Too Much Empathy: Too much empathy and understanding might lead to the angel making decisions from the heart thereby leading to losses. An angel needs to analyze and compute the prospects of a business before investing in it to minimize any untoward losses to him and his business.
Good Money Flow: Running your own company gives you access to a good money flow which can then be re-invested in other start-ups.
May Lead To A Lot Of Confusion: In the advent of any incurring profits, an angel with his own healthy business will have confusion about where to invest it. Investing it in his business would lead to immediate money whereas investing it in another start-up business increases the portfolio and can mean a bigger haul in the longer run.
Stake In The Company: Imagine getting to enjoy stock options in another company and also having a hold on their decision making process without having to worry too much about the criticalities. An entrepreneur turned angel investor may have founded one company but is technically managing as many companies as he invests in.
Difficult To Manage: Stakes in too many companies can become difficult to manage for an entrepreneur as he has his own business to run and many times this leads to a lot of management issues in terms of prioritizing.
Benefits Young Start-ups To Grow Quickly: Not always is a business about making money. Sometimes helping young companies grow and mentoring the team to enable them to establish firmly in the market gives a sense of fulfillment.
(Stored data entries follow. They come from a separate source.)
lemma has_walk_minus_unreachable_edge:
  assumes "has_walk E u v k" "\<And>w. reachable E u w \<Longrightarrow> w \<notin> g"
  shows "has_walk (E - {g}) u v k"
  using assms
proof (induction k arbitrary: u)
  case (Suc k)
  then obtain w where w: "{u, w} \<in> E" "has_walk E w v k" by (auto simp: has_walk_Suc)
  have "u \<notin> g" using Suc.prems(2) reachable_refl by blast
  have "has_walk E u w 1" using w(1) by (simp add: has_walk_Suc)
  then have "reachable E u w" unfolding reachable_iff_has_walk ..
  then have "has_walk (E - {g}) w v k"
    using Suc.IH[OF w(2)] Suc.prems(2) reachable_trans by blast
  with \<open>u \<notin> g\<close> show ?case using w(1) by (auto simp: has_walk_Suc)
qed simp

lemma has_walk_edge_dist:
  assumes "finite f" "f \<noteq> {}" "\<And>w. w \<in> f \<Longrightarrow> reachable E w x"
  shows "\<exists>w\<in>f. has_walk (E - {f}) w x (edge_dist E f x)"
proof -
  have "edge_dist E f x \<in> (\<lambda>u. gdist E u x) ` f"
    unfolding edge_dist_def using assms(1,2) by (intro Min_in) auto
  then obtain w where w: "w \<in> f" "gdist E w x = edge_dist E f x" by auto
  have nearest: "edge_dist E f x \<le> gdist E z x" if "z \<in> f" for z
    unfolding edge_dist_def using assms(1) that by simp
  from has_walk_minus_edge_cases[OF has_walk_gdist[OF assms(3)[OF w(1)]], of f]
  show ?thesis
  proof
    assume "has_walk (E - {f}) w x (gdist E w x)"
    then show ?thesis using w by auto
  next
    assume "\<exists>z\<in>f. \<exists>l<gdist E w x. has_walk (E - {f}) z x l"
    then obtain z l where "z \<in> f" "l < gdist E w x" "has_walk E z x l"
      using has_walk_mono by blast
    then have "gdist E z x < gdist E w x" using gdist_le by (meson le_less_trans)
    then show ?thesis using nearest[OF \<open>z \<in> f\<close>] w(2) by simp
  qed
qed

lemma odd_walk_lengths_to_adjacent:
  assumes no_odd: "\<And>u k. has_walk H u u k \<Longrightarrow> even k"
    and "has_walk H p q d" "even d" "has_walk H p a s" "has_walk H q b t" "{a, b} \<in> H"
  shows "odd (s + t)"
proof -
  have "has_walk H a q (s + d)" using has_walk_trans[OF has_walk_sym[OF assms(4)] assms(2)] .
  from has_walk_trans[OF this assms(5)] have "has_walk H a b (s + d + t)" .
  moreover have "has_walk H b a 1" using assms(6) by (simp add: has_walk_Suc insert_commute)
  ultimately have "has_walk H a a (s + d + t + 1)" by (rule has_walk_trans)
  then show ?thesis using no_odd assms(3) by fastforce
qed

section \<open>Connected graphs with a closed walk of odd length\<close>

definition graph_on :: "nat set \<Rightarrow> nat set set \<Rightarrow> bool" where
  "graph_on V F \<longleftrightarrow> (\<forall>g\<in>F. \<exists>a b. g = {a, b} \<and> a \<noteq> b \<and> a \<in> V \<and> b \<in> V)"

definition connected_on :: "nat set \<Rightarrow> nat set set \<Rightarrow> bool" where
  "connected_on V F \<longleftrightarrow> (\<forall>x\<in>V. \<forall>y\<in>V. reachable F x y)"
This is a very important aspect to consider for every businessman.
Ego Clashes Between The Business Owner And The Angel Investor: When an angel investor involves himself in a lot of management decisions and mentoring, he might end up rubbing the wrong side of the founder of the start-up leading to a lot of disagreements and ego clashes.
Help The Start-ups In Networking Effectively: As an experienced businessman himself, an entrepreneur turned angel can enable the start-up in introducing him to other clients and business contacts enabling them to grow better.
This Might Impact The Angel’s Own Business: In the case where an angel is investing in a business inside his own domain and industry, connecting contacts with another start-up might result in his losing clients or foothold in the industry making his own business vulnerable.
There is a plethora of angel investors in the market and an even bigger pool of start-ups looking out for someone to invest in their business. One needs to really invest a lot of time in understanding the real need to start angel investing while running a business. If it is only for the profits, there are many less risky investment options, which can be considered. If the motive is to share one's expert business opinion and mentor the young start-ups, there are various platforms and loads of young founders looking out for guidance. Before becoming an angel, it is very important to know if that would benefit your profile and help you accomplish something.